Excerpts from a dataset

(* Let $\mathbb{F}$ be an infinite field with $\operatorname{char}(\mathbb{F})\neq 2$ and let $G$ be a non-abelian group with a group involution $\ast$ and a non-trivial orientation $\sigma:G\to\{\pm1\}$ such that $gg^\ast\in N=\ker\sigma$ for all $g\in G$. Suppose $\mathbb{F}G$ is normal with respect to the oriented involution $\circledast$ and that $N$ is abelian. Then $x^\ast=x$ for all $x\in G\setminus N$, and $n^\ast=a^{-1}na=ana^{-1}$ for all $n\in N$ and all $a\in G\setminus N$.
   Context: A group involution on $G$ is a map $\ast:G\to G$ with $(gh)^\ast=h^\ast g^\ast$ and $(g^\ast)^\ast=g$. An orientation is a group homomorphism $\sigma:G\to\{\pm1\}$. The oriented involution is $(\sum_g\alpha_g g)^\circledast=\sum_g\alpha_g\sigma(g)g^\ast$ on $\mathbb{F}G$. $\mathbb{F}G$ is normal if $\alpha\alpha^\circledast=\alpha^\circledast\alpha$ for all $\alpha\in\mathbb{F}G$. *)

theory Defs
  imports "HOL-Algebra.Group"
begin

definition group_involution :: "('g, 'b) monoid_scheme \<Rightarrow> ('g \<Rightarrow> 'g) \<Rightarrow> bool" where
  "group_involution G s \<longleftrightarrow>
     (\<forall>g\<in>carrier G. s g \<in> carrier G) \<and>
     (\<forall>g\<in>carrier G. \<forall>h\<in>carrier G. s (g \<otimes>\<^bsub>G\<^esub> h) = s h \<otimes>\<^bsub>G\<^esub> s g) \<and>
     (\<forall>g\<in>carrier G. s (s g) = g)"

definition orientation :: "('g, 'b) monoid_scheme \<Rightarrow> ('g \<Rightarrow> int) \<Rightarrow> bool" where
  "orientation G \<sigma> \<longleftrightarrow>
     (\<forall>g\<in>carrier G. \<sigma> g \<in> {1, -1}) \<and>
     (\<forall>g\<in>carrier G. \<forall>h\<in>carrier G. \<sigma> (g \<otimes>\<^bsub>G\<^esub> h) = \<sigma> g * \<sigma> h)"

definition orient_kernel :: "('g, 'b) monoid_scheme \<Rightarrow> ('g \<Rightarrow> int) \<Rightarrow> 'g set" where
  "orient_kernel G \<sigma> = {g \<in> carrier G. \<sigma> g = 1}"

- ABOUT THIS TASK -
Say how many lines in the records contain the string "otimes", and say nothing else.

- OUTPUT FOR THIS TASK -
2